Tuesday Apr 14, 2009
Today, Sun is releasing a vast array of servers and blades with Intel's new Xeon 5560 (Nehalem) processor. We have significantly improved the performance of crypto algorithms (as part of Solaris Cryptographic Framework (SCF)). While some of these changes have been covered in my previous blogs, I would like to summarize them here.
I must first commend Dan Anderson for doing an excellent job in incorporating a lot of hand-coded assembly into the SCF. These enhancements were available in OpenSolaris 2008.10. Since then we have made the following enhancements, which will be available in OpenSolaris 2009.06. You can also try the preview bits of 2009.06 at genunix.org.

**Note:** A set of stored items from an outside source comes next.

(* Let $\{S_i\}_{i\in\mathcal I}$ be a finite family of contracting similarities of $\mathbb{R}^d$, written $S_i(x)=c_iM_i(x)+b_i$ with $c_i\in(0,1)$, $M_i$ orthogonal and $b_i\in\mathbb{R}^d$, and let $T_i(x)=c_iM_i(x)$. Let $\gamma\ge0$ be defined by $\limsup_{k\to\infty}|\{T_I: I\in\mathcal I_k\}|^{1/k}=2^\gamma$. If $d=1$ or $d=2$, or if the matrices $M_i$ ($i\in\mathcal I$) commute, then $\gamma=0$.
   Context: $\mathcal I^*$ is the set of finite non-empty words over $\mathcal I$; for $I=(i_1,\dots,i_k)$, $T_I=T_{i_1}\circ\cdots\circ T_{i_k}$ and $c_I=c_{i_1}\cdots c_{i_k}$. For $k\ge0$, $\mathcal I_k=\{I\in\mathcal I^*: 2^{-k-1}<c_I\le2^{-k}\}$. *)

theory Defs
  imports "HOL-Analysis.Analysis"
begin

definition word_map :: "('i \<Rightarrow> 'a \<Rightarrow> 'a) \<Rightarrow> 'i list \<Rightarrow> 'a \<Rightarrow> 'a" where
  "word_map T I = foldr (\<lambda>i f. T i \<circ> f) I id"

definition word_ratio :: "('i \<Rightarrow> real) \<Rightarrow> 'i list \<Rightarrow> real" where
  "word_ratio c I = prod_list (map c I)"

definition level_words :: "('i \<Rightarrow> real) \<Rightarrow> nat \<Rightarrow> 'i list set" where
  "level_words c k = {I. I \<noteq> [] \<and> 2 powr (- real k - 1) < word_ratio c I \<and> word_ratio c I \<le> 2 powr (- real k)}"

end

theory Submission
  imports Defs "HOL-Real_Asymp.Real_Asymp"
begin

text \<open>The map T_I is x \<mapsto> c_I M_I x with M_I = M_i1 \<cdots> M_ik, and c_I only depends on how often
  each letter occurs in I. So does M_I when the M_i commute, which is automatic in dimension 1. In
  dimension 2 every M_i acts on \<complex> either as w \<mapsto> z_i w or as w \<mapsto> z_i cnj w with |z_i| = 1; then M_I
  is determined by the parity of the number of reflections in I and by an exponent vector n with
  |n_j| \<le> |I| such that M_I 1 = \<Prod>_j z_j^n_j. Words in \<I>_k have length O(k), hence there are only
  polynomially many maps T_I with I \<in> \<I>_k, and the k-th root of their number tends to 1.\<close>

lemma card_image_le_if_factors:
  assumes "finite (g ` W)" and "\<And>x y. x \<in> W \<Longrightarrow> y \<in> W \<Longrightarrow> g x = g y \<Longrightarrow> h x = h y"
  shows "card (h ` W) \<le> card (g ` W)"
proof -
  have "h x = h (inv_into W g (g x))" if "x \<in> W" for x
    using that by (intro assms(2)) (auto intro: inv_into_into simp: f_inv_into_f)
  then have "h ` W = (h \<circ> inv_into W g) ` g ` W"
    unfolding image_comp by (auto intro: image_cong)
  then show ?thesis by (metis assms(1) card_image_le)
qed

lemma limsup_root_le_1_if_polynomial_bound:
  fixes f :: "nat \<Rightarrow> real"
  assumes bound: "\<And>k. f k \<le> K * (real k + 1) ^ p" and nonneg: "\<And>k. 0 \<le> f k" and "K > 0"
  shows "limsup (\<lambda>k. ereal (f k powr (1 / real k))) \<le> 1"
proof -
  have "(\<lambda>k::nat. K powr (1 / real k)) \<longlonglongrightarrow> K powr 0"
    by (rule tendsto_powr[OF tendsto_const lim_inverse_n']) (use \<open>K > 0\<close> in simp)
  then have root_K: "(\<lambda>k::nat. K powr (1 / real k)) \<longlonglongrightarrow> 1"
    using \<open>K > 0\<close> by simp
  have root_k: "(\<lambda>k::nat. (real k + 1) powr (1 / real k)) \<longlonglongrightarrow> 1" by real_asymp
  have root_split: "(K * (real k + 1) ^ p) powr (1 / real k)
      = K powr (1 / real k) * ((real k + 1) powr (1 / real k)) ^ p" for k :: nat
    using \<open>K > 0\<close> by (simp add: powr_mult powr_powr mult.commute flip: powr_power powr_realpow)
  have "(\<lambda>k. ereal ((K * (real k + 1) ^ p) powr (1 / real k))) \<longlonglongrightarrow> ereal 1"
    unfolding root_split using tendsto_mult[OF root_K tendsto_power[OF root_k, of p]]
    by (intro tendsto_ereal) simp
  then have "limsup (\<lambda>k. ereal ((K * (real k + 1) ^ p) powr (1 / real k))) = 1"
    by (simp add: lim_imp_Limsup one_ereal_def)
  moreover have "limsup (\<lambda>k. ereal (f k powr (1 / real k)))
      \<le> limsup (\<lambda>k. ereal ((K * (real k + 1) ^ p) powr (1 / real k)))"
    by (rule Limsup_mono) (auto intro!: always_eventually powr_mono2 bound nonneg)
  ultimately show ?thesis by simp
qed

subsection \<open>Words and their linear parts\<close>

definition word_matrix :: "('i \<Rightarrow> real^'n^'n) \<Rightarrow> 'i list \<Rightarrow> real^'n^'n" where
  "word_matrix M I = foldr (\<lambda>i A. M i ** A) I (mat 1)"

lemma word_matrix_Nil [simp]: "word_matrix M [] = mat 1"
  by (simp add: word_matrix_def)

lemma word_matrix_Cons [simp]: "word_matrix M (i # I) = M i ** word_matrix M I"
  by (simp add: word_matrix_def)

lemma word_matrix_append: "word_matrix M (I @ J) = word_matrix M I ** word_matrix M J"
  by (induction I) (auto simp: matrix_mul_assoc)

lemma orthogonal_matrix_word_matrix: "(\<And>i. orthogonal_matrix (M i)) \<Longrightarrow> orthogonal_matrix (word_matrix M I)"
  by (induction I) (auto simp: orthogonal_matrix_id orthogonal_matrix_mul)

lemma word_map_scaled_linear:
  "word_map (\<lambda>i x. c i *\<^sub>R (M i *v x)) I = (\<lambda>x. word_ratio c I *\<^sub>R (word_matrix M I *v x))"
  by (induction I)
    (auto simp: word_map_def word_ratio_def matrix_vector_mult_scaleR matrix_vector_mul_assoc)

lemma word_ratio_mset_eq: "mset I = mset J \<Longrightarrow> word_ratio c I = word_ratio c J"
  unfolding word_ratio_def by (metis mset_map prod_mset_prod_list)

lemma word_ratio_bounds:
  assumes "\<And>i. 0 < c i" "\<And>i. c i \<le> r"
  shows "0 < word_ratio c I \<and> word_ratio c I \<le> r ^ length I"
proof (induction I)
  case (Cons i I)
  then show ?case
    using assms[of i] by (auto simp: word_ratio_def intro!: mult_mono mult_pos_pos)
qed (simp add: word_ratio_def)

1) CR 6799218: RSA using Solaris Kernel Crypto framework lagging behind OpenSSL. We made changes that made RSA decrypt operations 1.8 times faster. The details are documented here.
2) CR 6811474 and CR 6823192 make number of changes to big_mont_mul() and big_mul() routines which form the essence of montogomery multiplication. These changes improve RSA decrypt operations by 10%.
3) CR 6812615: 64-bit RC4 has poor performance on Intel Nehalem. We made changes to the RC4 encrypt routine which delivered an improvement of 25% on Intel Nehalem. These changes are documented here.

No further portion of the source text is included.